I’m moving into a house in West Philly and I feel like I’m going into a family kind of living situation. I’ll live with an established couple and I’m happy about that. It’ll be my first time living with a couple. Also there’s a cat! I’m really happy about the little old cat. The house is dark, which made me want to cry when I relayed the info to my kinda-girlfriend, but I think it will trickle into my artwork in a nice way.
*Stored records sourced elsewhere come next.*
theorem SU2_commutator:
  assumes "A \<in> SU2_set"
  shows "\<exists>V \<in> SU2_set. \<exists>W \<in> SU2_set. A = V ** W ** cadj V ** cadj W"
proof -
  obtain U l where U: "U \<in> SU2_set" and l: "cnj l * l = 1"
    and A: "A = U ** M2 l 0 0 (cnj l) ** cadj U"
    using assms by (rule SU2_diagonalizable)
  obtain D S where DS: "D \<in> SU2_set" "S \<in> SU2_set"
    and diag: "M2 l 0 0 (cnj l) = D ** S ** cadj D ** cadj S"
    using diagonal_SU2_commutator[OF l] by blast
  define V W where "V = U ** D ** cadj U" and "W = U ** S ** cadj U"
  have unitary: "cadj U ** U = mat 1"
    using U by (simp add: SU2_set_def U2_set_def)
  have "V ** W ** cadj V ** cadj W
      = U ** D ** (cadj U ** U) ** S ** (cadj U ** U) ** cadj D ** (cadj U ** U) ** cadj S ** cadj U"
    by (simp add: V_def W_def cadj_mult matrix_mul_assoc)
  also have "\<dots> = U ** M2 l 0 0 (cnj l) ** cadj U"
    by (simp add: unitary diag matrix_mul_assoc)
  finally have "A = V ** W ** cadj V ** cadj W"
    by (simp add: A)
  moreover have "V \<in> SU2_set" "W \<in> SU2_set"
    using U DS by (simp_all add: V_def W_def SU2_mult SU2_cadj)
  ultimately show ?thesis by blast
qed

lemma derived_set_U2: "derived_set U2_grp U2_set = SU2_set"
proof
  show "derived_set U2_grp U2_set \<subseteq> SU2_set"
  proof clarify
    fix V W assume V: "V \<in> U2_set" and W: "W \<in> U2_set"
    have "det (V ** W ** cadj V ** cadj W) = (cnj (det V) * det V) * (cnj (det W) * det W)"
      by (simp add: det_mul det_cadj algebra_simps)
    then show "V \<otimes>\<^bsub>U2_grp\<^esub> W \<otimes>\<^bsub>U2_grp\<^esub> inv\<^bsub>U2_grp\<^esub> V \<otimes>\<^bsub>U2_grp\<^esub> inv\<^bsub>U2_grp\<^esub> W \<in> SU2_set"
      using V W by (simp add: inv_U2 SU2_set_def U2_det U2_mult U2_cadj)
  qed
  show "SU2_set \<subseteq> derived_set U2_grp U2_set"
  proof
    fix A assume "A \<in> SU2_set"
    then obtain V W where "V \<in> SU2_set" "W \<in> SU2_set" "A = V ** W ** cadj V ** cadj W"
      using SU2_commutator by blast
    then have "V \<in> U2_set" "W \<in> U2_set"
      and "A = V \<otimes>\<^bsub>U2_grp\<^esub> W \<otimes>\<^bsub>U2_grp\<^esub> inv\<^bsub>U2_grp\<^esub> V \<otimes>\<^bsub>U2_grp\<^esub> inv\<^bsub>U2_grp\<^esub> W"
      by (simp_all add: inv_U2 SU2_U2)
    then show "A \<in> derived_set U2_grp U2_set"
      by blast
  qed
qed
I’ve already dreamt about the location, which is a romantic trolley’s ride into center city where my school is located. It has no internet, and thus I look forward to breaking some bad habits of late night browsing before bed etc. I am happy for the move, but will still mostly live in my current apartment tentatively, as it has air conditioning and is closer to my school, and the majority of my things are here, especially my bed. Oh yeah, I started sleeping in my bed now. Feeling like I might begin to sleep on the floor again in time, when it’s time to wake alert, but for now I’m soaking in a kinda summer mode.

I read a book about Hannah Arendt by Derwant May, which was a primer to her life and work. I hope I come across a Arendt book in the wild now, for that sweet sense of serendipity. I finished a second listen of Ulysses, and I’m on a third. I read Bullies by Ben Shapiro, which was a pulp guilty pleasure.

I’m reading Dr. Albert C. Barnes’ book on art now, as I’ve signed up for a class at the Barnes Museum (through a PAFA- Barnes partnership in which Art History credits can be fulfilled) taught by Dr. William Perthes, who’s a standup gentlemen. To my great joy the book is not a ‘snooze fest’ as promised by one of the employees at the Museum gift shop, and is sprinkled with sick burns on a bunch of artists. Barnes rips at Derain, and basically says those Gauguin aficionados are sentimentalists. Feels good to hear it, that’s a good Gauguin rip.

I’ve been moderately irresponsible with my bed time for the past few days. I’m going to close this one up now, and prepare for tomorrow’s eleven hours of sculpture! Huzzah summertime!